Arsuzi expounded his ideas on language and nationalism in his 1943 treatise The Arabic Genius in its Tongue  (عبقرية العربية في لسانها).  According to Arsuzi, languages were mystical repositories of the “spirit” of a people.  He says:

Our language, which is the most articulate manifestation of the genius of our ummah, is the reservoir of our cultural heritage.

A people could only preserve and promote its unique identity through a recognition of this fact.  Some his theories about the development of Arabic are unusual, but still thought-provoking.  He maintained that the development of Arabic derived from visual “sound images” from nature; that the development of Arabic was linked to the special psyche of the people; and that the language is able to manifest a higher deity through intuition.

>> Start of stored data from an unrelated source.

(* Let $\theta\in\,]0,1[$ be fixed and, for $n\in\mathbb{N}$, let $m=\lfloor\theta n\rfloor$ (with $m\ge1$). There exist constants $\mathcal{C}_1,\mathcal{C}_2>0$ independent of $n,m,x$ such that $$\mathcal{C}_1\lambda_n^m(x)\le\tilde\lambda_n^m(x)\le\mathcal{C}_2\lambda_n^m(x),\qquad |x|\le1,$$ where $\lambda_n^m(x)=\int_{-1}^1|s_n^m(x,y)|w(y)\,dy$ and $\tilde\lambda_n^m(x)=\frac{\pi}{n}\sum_{i=1}^n|s_n^m(x_i^n,x)|$.
   Context: Let $w(x)=(1-x^2)^{-1/2}$ on $[-1,1]$. The orthonormal Chebyshev polynomials are $p_0=\sqrt{1/\pi}$, $p_r(x)=\sqrt{2/\pi}\cos(r\arccos x)$, $r\ge1$; Chebyshev nodes $x_k^n=\cos\frac{(2k-1)\pi}{2n}$, $k=1,\ldots,n$. For $0<m<n$: $\mu_{n,r}^m=1$ if $0\le r\le n-m$, $\frac{m+n-r}{2m}$ if $n-m<r<n+m$, $0$ otherwise; for $r=0,\ldots,n-1$, $q_{n,r}^m=p_r$ if $r\le n-m$ and $q_{n,r}^m=\mu_{n,r}^mp_r-\mu_{n,2n-r}^mp_{2n-r}$ if $n-m<r<n$; $\nu_{n,r}^m=1$ if $r\le n-m$, $\frac{m^2+(n-r)^2}{2m^2}$ if $n-m<r<n$. Orthonormal VP scaling functions: $\tilde\varphi_{n,k}^m=\sum_{r=0}^{n-1}\sqrt{\frac{\pi}{n\nu_{n,r}^m}}p_r(x_k^n)q_{n,r}^m$, and $s_n^m(x,y)=\sum_{k=1}^n\tilde\varphi_{n,k}^m(x)\tilde\varphi_{n,k}^m(y)$ (equivalently $\sum_{r=0}^{n-1}q_{n,r}^m(x)q_{n,r}^m(y)/\nu_{n,r}^m$). *)

theory Defs
  imports "HOL-Analysis.Analysis"
begin

definition cheb_w :: "real \<Rightarrow> real" where
  "cheb_w y = 1 / sqrt (1 - y^2)"

definition cheb_p :: "nat \<Rightarrow> real \<Rightarrow> real" where
  "cheb_p r x = (if r = 0 then sqrt (1/pi) else sqrt (2/pi) * cos (real r * arccos x))"

definition cheb_node :: "nat \<Rightarrow> nat \<Rightarrow> real" where
  "cheb_node n k = cos ((2 * real k - 1) * pi / (2 * real n))"

definition vp_mu :: "nat \<Rightarrow> nat \<Rightarrow> nat \<Rightarrow> real" where
  "vp_mu n m r = (if r \<le> n - m then 1
                  else if n - m < r \<and> r < n + m then (real m + real n - real r) / (2 * real m)
                  else 0)"

definition vp_q :: "nat \<Rightarrow> nat \<Rightarrow> nat \<Rightarrow> real \<Rightarrow> real" where
  "vp_q n m r x = (if r \<le> n - m then cheb_p r x
                   else vp_mu n m r * cheb_p r x - vp_mu n m (2*n - r) * cheb_p (2*n - r) x)"

definition vp_nu :: "nat \<Rightarrow> nat \<Rightarrow> nat \<Rightarrow> real" where
  "vp_nu n m r = (if r \<le> n - m then 1
                  else (real m ^ 2 + (real n - real r) ^ 2) / (2 * real m ^ 2))"

definition vp_phi :: "nat \<Rightarrow> nat \<Rightarrow> nat \<Rightarrow> real \<Rightarrow> real" where
  "vp_phi n m k x = (\<Sum>r<n. sqrt (pi / (real n * vp_nu n m r)) * cheb_p r (cheb_node n k) * vp_q n m r x)"

definition vp_s :: "nat \<Rightarrow> nat \<Rightarrow> real \<Rightarrow> real \<Rightarrow> real" where
  "vp_s n m x y = (\<Sum>k=1..n. vp_phi n m k x * vp_phi n m k y)"

definition vp_lambda :: "nat \<Rightarrow> nat \<Rightarrow> real \<Rightarrow> real" where
  "vp_lambda n m x = integral {-1..1} (\<lambda>y. \<bar>vp_s n m x y\<bar> * cheb_w y)"

definition vp_lambda_tilde :: "nat \<Rightarrow> nat \<Rightarrow> real \<Rightarrow> real" where
  "vp_lambda_tilde n m x = pi / real n * (\<Sum>i=1..n. \<bar>vp_s n m (cheb_node n i) x\<bar>)"

end

theory Submission
  imports Defs
begin

text \<open>
  Substituting y = cos u turns both quantities into statements about the function
  u \<mapsto> s(x, cos u) on [0, pi]. Discrete orthogonality at the Chebyshev nodes shows that
  this function is the de la Vallee Poussin interpolant (1/n) sum_k s(x, x_k) V(u, t_k) of
  its own values at the Chebyshev angles t_k, where V = (L F_L - K F_K) / (L - K) with
  K = n - m, L = n + m and Fejer kernels F. Fejer kernels are nonnegative with mean one,
  both as integrals over [0, pi] and as sums over the n Chebyshev angles, so |V| has
  integral at most pi (L + K) / (L - K) and sum at most n (L + K) / (L - K). The integral
  bound gives vp_lambda \<le> (n / m) vp_lambda_tilde. Conversely, s(x, cos u) is a cosine
  polynomial of degree below n + m and is therefore reproduced by the kernel V with
  K = n + m, L = 2 n; the sum bound then gives
  vp_lambda_tilde \<le> (3 n + m) / (n - m) vp_lambda. For m = \<lfloor>\<theta> n\<rfloor> both ratios are
  bounded in terms of \<theta>.
\<close>

section \<open>Cosine kernels on [0, pi]\<close>

definition neumann_factor :: "nat \<Rightarrow> real" where
  "neumann_factor r = (if r = 0 then 1 else 2)"

text \<open>Integrating a cosine polynomial on [0, pi] against \<open>cos_kernel c L\<close> multiplies
  its r-th coefficient by c r, for r < L.\<close>
definition cos_kernel :: "(nat \<Rightarrow> real) \<Rightarrow> nat \<Rightarrow> real \<Rightarrow> real \<Rightarrow> real" where
  "cos_kernel c L u a = (\<Sum>r<L. c r * neumann_factor r * cos (real r * u) * cos (real r * a))"

lemma has_integral_cos_int_mult:
  fixes k :: int
  shows "((\<lambda>u. cos (of_int k * u)) has_integral (if k = 0 then pi else 0)) {0..pi}"
proof (cases "k = 0")
  case True
  then show ?thesis using has_integral_const_real[of "1::real" 0 pi] by simp
next
  case False
  have "((\<lambda>u. cos (of_int k * u)) has_integral
          (sin (of_int k * pi) / of_int k - sin (of_int k * 0) / of_int k)) {0..pi}"
    by (intro fundamental_theorem_of_calculus has_real_derivative_iff_has_vector_derivative[THEN iffD1])
       (use False in \<open>auto intro!: derivative_eq_intros\<close>)
  moreover have "sin (of_int k * pi) = 0"
    by (metis mult.commute sin_npi_int)
  ultimately show ?thesis using False by simp
qed

lemma has_integral_cos_nat_mult:
  "((\<lambda>u. cos (real j * u)) has_integral (if j = 0 then pi else 0)) {0..pi}"
  using has_integral_cos_int_mult[of "int j"] by simp

lemma has_integral_cos_mult_cos:
  "((\<lambda>u. cos (real j * u) * cos (real r * u)) has_integral
      (if j = r then pi / neumann_factor r else 0)) {0..pi}"
proof -
  have prod: "cos (real j * u) * cos (real r * u) =
     (cos (of_int (int j + int r) * u) + cos (of_int (int j - int r) * u)) / 2" for u
    by (simp add: cos_add cos_diff algebra_simps)
  have "((\<lambda>u. (cos (of_int (int j + int r) * u) + cos (of_int (int j - int r) * u)) / 2)
     has_integral ((if int j + int r = 0 then pi else 0) + (if int j - int r = 0 then pi else 0)) / 2) {0..pi}"
    by (intro has_integral_divide has_integral_add has_integral_cos_int_mult)
  then show ?thesis
    unfolding prod by (auto simp: neumann_factor_def)
qed

lemma cos_kernel_cong:
  "(\<And>r. r < L \<Longrightarrow> c r = d r) \<Longrightarrow> cos_kernel c L u a = cos_kernel d L u a"
  unfolding cos_kernel_def by (intro sum.cong) auto

lemma continuous_on_cos_kernel: "continuous_on S (\<lambda>u. cos_kernel c L u a)"
  unfolding cos_kernel_def by (intro continuous_intros)

lemma cos_kernel_has_integral:
  assumes "0 < L"
  shows "((\<lambda>u. cos_kernel c L u a) has_integral (pi * c 0)) {0..pi}"
proof -
  have "((\<lambda>u. \<Sum>r<L. (c r * neumann_factor r * cos (real r * a)) * cos (real r * u)) has_integral
      (\<Sum>r<L. (c r * neumann_factor r * cos (real r * a)) * (if r = 0 then pi else 0))) {0..pi}"
    by (intro has_integral_sum has_integral_mult_right has_integral_cos_nat_mult) auto
  moreover have "(\<Sum>r<L. (c r * neumann_factor r * cos (real r * a)) * (if r = 0 then pi else 0)) = pi * c 0"
    using assms by (simp add: if_distrib sum.delta neumann_factor_def cong: if_cong)
  ultimately show ?thesis unfolding cos_kernel_def by (simp add: algebra_simps)
qed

For him, a language was not just a medium of communication:  it was a nation’s way of connecting mystically with a higher deity.  Culture, in his view, was the primary “component” of a human being.  Without culture, a man is nothing.  The Arabic language was that mystic force which pervaded and bound together the speakers of Arabic, and had enabled it to achieve great things in the past.

Arsuzi’s ideas are not those that are held by most linguists today, but he at least makes a case for the preservation and promotion of native languages.  It is a lesson that too many countries today have forgotten, in their haste to embrace the mass-media English world culture.

I hope Pakistan will press forward on its plans to replace English with Urdu.  I hope this example is followed by many other nations.  Only by adopting an uncompromising, dedicated language policy will a nation and culture be able to resist the inroads of English.

For once a people loses their language, they lose everything.